Material to process section start

lemma nat_trans_Sub_in_Sub: "nat_trans_Sub C \<tau> \<Longrightarrow> A \<in> Obj C \<Longrightarrow> S \<in> Sub C A \<Longrightarrow> \<tau> A S \<in> Sub C A"
  unfolding nat_trans_Sub_def by blast

lemma nat_trans_Sub_natural:
  "nat_trans_Sub C \<tau> \<Longrightarrow> f \<in> Arr C \<Longrightarrow> S \<in> Sub C (Cod C f) \<Longrightarrow>
   pb_sub C f (\<tau> (Cod C f) S) = \<tau> (Dom C f) (pb_sub C f S)"
  unfolding nat_trans_Sub_def by blast

lemma product_projections: "is_product C A B P p1 p2 \<Longrightarrow> p1 \<in> hom C P A \<and> p2 \<in> hom C P B"
  unfolding is_product_def by blast

lemma product_universal:
  "is_product C A B P p1 p2 \<Longrightarrow> W \<in> Obj C \<Longrightarrow> f \<in> hom C W A \<Longrightarrow> g \<in> hom C W B \<Longrightarrow>
   \<exists>!h. h \<in> hom C W P \<and> Comp C p1 h = f \<and> Comp C p2 h = g"
  unfolding is_product_def by blast

lemma (in category) pairing_eqI:
  assumes prod: "is_product C A B P p1 p2" and h: "h \<in> hom C W P"
  shows "pairing C p1 p2 (Comp C p1 h) (Comp C p2 h) = h"
proof -
  have h_arr: "h \<in> Arr C" "Dom C h = W" "Cod C h = P" using homD[OF h] by auto
  have p1: "p1 \<in> Arr C" "Dom C p1 = P" "Cod C p1 = A"
    and p2: "p2 \<in> Arr C" "Dom C p2 = P" "Cod C p2 = B"
    using product_projections[OF prod] homD by blast+
  have "Comp C p1 h \<in> hom C W A" "Comp C p2 h \<in> hom C W B"
    using comp_in_hom[OF h_arr(1) p1(1)] comp_in_hom[OF h_arr(1) p2(1)] h_arr p1 p2 by simp_all
  moreover have "W \<in> Obj C" using dom_cod_obj[OF h_arr(1)] h_arr by simp
  ultimately have "\<exists>!k. k \<in> hom C W P \<and> Comp C p1 k = Comp C p1 h \<and> Comp C p2 k = Comp C p2 h"
    using product_universal[OF prod] by blast
  moreover have "Dom C (Comp C p1 h) = W" "Dom C p1 = P" using h_arr p1 by simp_all
  ultimately show ?thesis
    unfolding pairing_def using h by (simp only:) (rule the1_equality; blast)
qed

theorem (in category_with_pullbacks) fixpoint_of_very_weakly_point_surjective:
  assumes X: "X \<in> Obj C"
    and prod: "is_product C X X P p1 p2"
    and R: "R \<in> Sub C P"
    and surj: "\<forall>Q\<in>Sub C X. \<exists>c\<in>hom C T X. pb_sub C (pairing C p1 p2 c c) R = pb_sub C c Q"
    and \<tau>: "nat_trans_Sub C \<tau>"
  shows "\<exists>s\<in>Sub C T. \<tau> T s = s"
proof -
  have p1: "p1 \<in> Arr C" "Dom C p1 = P" "Cod C p1 = X"
    and p2: "p2 \<in> Arr C" "Dom C p2 = P" "Cod C p2 = X"
    using product_projections[OF prod] homD by blast+
  have "\<exists>!d. d \<in> hom C X P \<and> Comp C p1 d = Idt C X \<and> Comp C p2 d = Idt C X"
    using product_universal[OF prod X id_in_hom[OF X] id_in_hom[OF X]] .
  then obtain d where d: "d \<in> hom C X P" "Comp C p1 d = Idt C X" "Comp C p2 d = Idt C X"
    by blast
  have d_arr: "d \<in> Arr C" "Dom C d = X" "Cod C d = P" using homD[OF d(1)] by auto
  have dR: "pb_sub C d R \<in> Sub C X" using pb_sub_in_Sub[of d R] d_arr R by simp
  define Q where "Q = \<tau> X (pb_sub C d R)"
  have Q: "Q \<in> Sub C X" unfolding Q_def using nat_trans_Sub_in_Sub[OF \<tau> X dR] .
  then obtain c where c: "c \<in> hom C T X"
    and c_eq: "pb_sub C (pairing C p1 p2 c c) R = pb_sub C c Q"
    using surj by blast
  have c_arr: "c \<in> Arr C" "Dom C c = T" "Cod C c = X" using homD[OF c] by auto
  have "Comp C p1 (Comp C d c) = c" "Comp C p2 (Comp C d c) = c"
    using comp_assoc[OF c_arr(1) d_arr(1) p1(1)] comp_assoc[OF c_arr(1) d_arr(1) p2(1)]
      c_arr d_arr p1 p2 d(2,3) comp_id_cod[OF c_arr(1)] by simp_all
  moreover have "Comp C d c \<in> hom C T P"
    using comp_in_hom[OF c_arr(1) d_arr(1)] c_arr d_arr by simp
  ultimately have diagonal: "pairing C p1 p2 c c = Comp C d c"
    using pairing_eqI[OF prod, of "Comp C d c" T] by simp
  have "pb_sub C c Q = \<tau> T (pb_sub C c (pb_sub C d R))"
    using nat_trans_Sub_natural[OF \<tau> c_arr(1)] c_arr dR unfolding Q_def by simp
  also have "pb_sub C c (pb_sub C d R) = pb_sub C c Q"
    using c_eq diagonal pb_sub_comp[OF c_arr(1) d_arr(1)] c_arr d_arr R by simp
  finally have "\<tau> T (pb_sub C c Q) = pb_sub C c Q" ..
  moreover have "pb_sub C c Q \<in> Sub C T" using pb_sub_in_Sub[of c Q] c_arr Q by simp
  ultimately show ?thesis by blast
qed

Material to process section end

Transcribe every record verbatim.

lemma nat_trans_Sub_in_Sub: "nat_trans_Sub C \<tau> \<Longrightarrow> A \<in> Obj C \<Longrightarrow> S \<in> Sub C A \<Longrightarrow> \<tau> A S \<in> Sub C A"
  unfolding nat_trans_Sub_def by blast

lemma nat_trans_Sub_natural:
  "nat_trans_Sub C \<tau> \<Longrightarrow> f \<in> Arr C \<Longrightarrow> S \<in> Sub C (Cod C f) \<Longrightarrow>
   pb_sub C f (\<tau> (Cod C f) S) = \<tau> (Dom C f) (pb_sub C f S)"
  unfolding nat_trans_Sub_def by blast

lemma product_projections: "is_product C A B P p1 p2 \<Longrightarrow> p1 \<in> hom C P A \<and> p2 \<in> hom C P B"
  unfolding is_product_def by blast

lemma product_universal:
  "is_product C A B P p1 p2 \<Longrightarrow> W \<in> Obj C \<Longrightarrow> f \<in> hom C W A \<Longrightarrow> g \<in> hom C W B \<Longrightarrow>
   \<exists>!h. h \<in> hom C W P \<and> Comp C p1 h = f \<and> Comp C p2 h = g"
  unfolding is_product_def by blast

lemma (in category) pairing_eqI:
  assumes prod: "is_product C A B P p1 p2" and h: "h \<in> hom C W P"
  shows "pairing C p1 p2 (Comp C p1 h) (Comp C p2 h) = h"
proof -
  have h_arr: "h \<in> Arr C" "Dom C h = W" "Cod C h = P" using homD[OF h] by auto
  have p1: "p1 \<in> Arr C" "Dom C p1 = P" "Cod C p1 = A"
    and p2: "p2 \<in> Arr C" "Dom C p2 = P" "Cod C p2 = B"
    using product_projections[OF prod] homD by blast+
  have "Comp C p1 h \<in> hom C W A" "Comp C p2 h \<in> hom C W B"
    using comp_in_hom[OF h_arr(1) p1(1)] comp_in_hom[OF h_arr(1) p2(1)] h_arr p1 p2 by simp_all
  moreover have "W \<in> Obj C" using dom_cod_obj[OF h_arr(1)] h_arr by simp
  ultimately have "\<exists>!k. k \<in> hom C W P \<and> Comp C p1 k = Comp C p1 h \<and> Comp C p2 k = Comp C p2 h"
    using product_universal[OF prod] by blast
  moreover have "Dom C (Comp C p1 h) = W" "Dom C p1 = P" using h_arr p1 by simp_all
  ultimately show ?thesis
    unfolding pairing_def using h by (simp only:) (rule the1_equality; blast)
qed

theorem (in category_with_pullbacks) fixpoint_of_very_weakly_point_surjective:
  assumes X: "X \<in> Obj C"
    and prod: "is_product C X X P p1 p2"
    and R: "R \<in> Sub C P"
    and surj: "\<forall>Q\<in>Sub C X. \<exists>c\<in>hom C T X. pb_sub C (pairing C p1 p2 c c) R = pb_sub C c Q"
    and \<tau>: "nat_trans_Sub C \<tau>"
  shows "\<exists>s\<in>Sub C T. \<tau> T s = s"
proof -
  have p1: "p1 \<in> Arr C" "Dom C p1 = P" "Cod C p1 = X"
    and p2: "p2 \<in> Arr C" "Dom C p2 = P" "Cod C p2 = X"
    using product_projections[OF prod] homD by blast+
  have "\<exists>!d. d \<in> hom C X P \<and> Comp C p1 d = Idt C X \<and> Comp C p2 d = Idt C X"
    using product_universal[OF prod X id_in_hom[OF X] id_in_hom[OF X]] .
  then obtain d where d: "d \<in> hom C X P" "Comp C p1 d = Idt C X" "Comp C p2 d = Idt C X"
    by blast
  have d_arr: "d \<in> Arr C" "Dom C d = X" "Cod C d = P" using homD[OF d(1)] by auto
  have dR: "pb_sub C d R \<in> Sub C X" using pb_sub_in_Sub[of d R] d_arr R by simp
  define Q where "Q = \<tau> X (pb_sub C d R)"
  have Q: "Q \<in> Sub C X" unfolding Q_def using nat_trans_Sub_in_Sub[OF \<tau> X dR] .
  then obtain c where c: "c \<in> hom C T X"
    and c_eq: "pb_sub C (pairing C p1 p2 c c) R = pb_sub C c Q"
    using surj by blast
  have c_arr: "c \<in> Arr C" "Dom C c = T" "Cod C c = X" using homD[OF c] by auto
  have "Comp C p1 (Comp C d c) = c" "Comp C p2 (Comp C d c) = c"
    using comp_assoc[OF c_arr(1) d_arr(1) p1(1)] comp_assoc[OF c_arr(1) d_arr(1) p2(1)]
      c_arr d_arr p1 p2 d(2,3) comp_id_cod[OF c_arr(1)] by simp_all
  moreover have "Comp C d c \<in> hom C T P"
    using comp_in_hom[OF c_arr(1) d_arr(1)] c_arr d_arr by simp
  ultimately have diagonal: "pairing C p1 p2 c c = Comp C d c"
    using pairing_eqI[OF prod, of "Comp C d c" T] by simp
  have "pb_sub C c Q = \<tau> T (pb_sub C c (pb_sub C d R))"
    using nat_trans_Sub_natural[OF \<tau> c_arr(1)] c_arr dR unfolding Q_def by simp
  also have "pb_sub C c (pb_sub C d R) = pb_sub C c Q"
    using c_eq diagonal pb_sub_comp[OF c_arr(1) d_arr(1)] c_arr d_arr R by simp
  finally have "\<tau> T (pb_sub C c Q) = pb_sub C c Q" ..
  moreover have "pb_sub C c Q \<in> Sub C T" using pb_sub_in_Sub[of c Q] c_arr Q by simp
  ultimately show ?thesis by blast
qed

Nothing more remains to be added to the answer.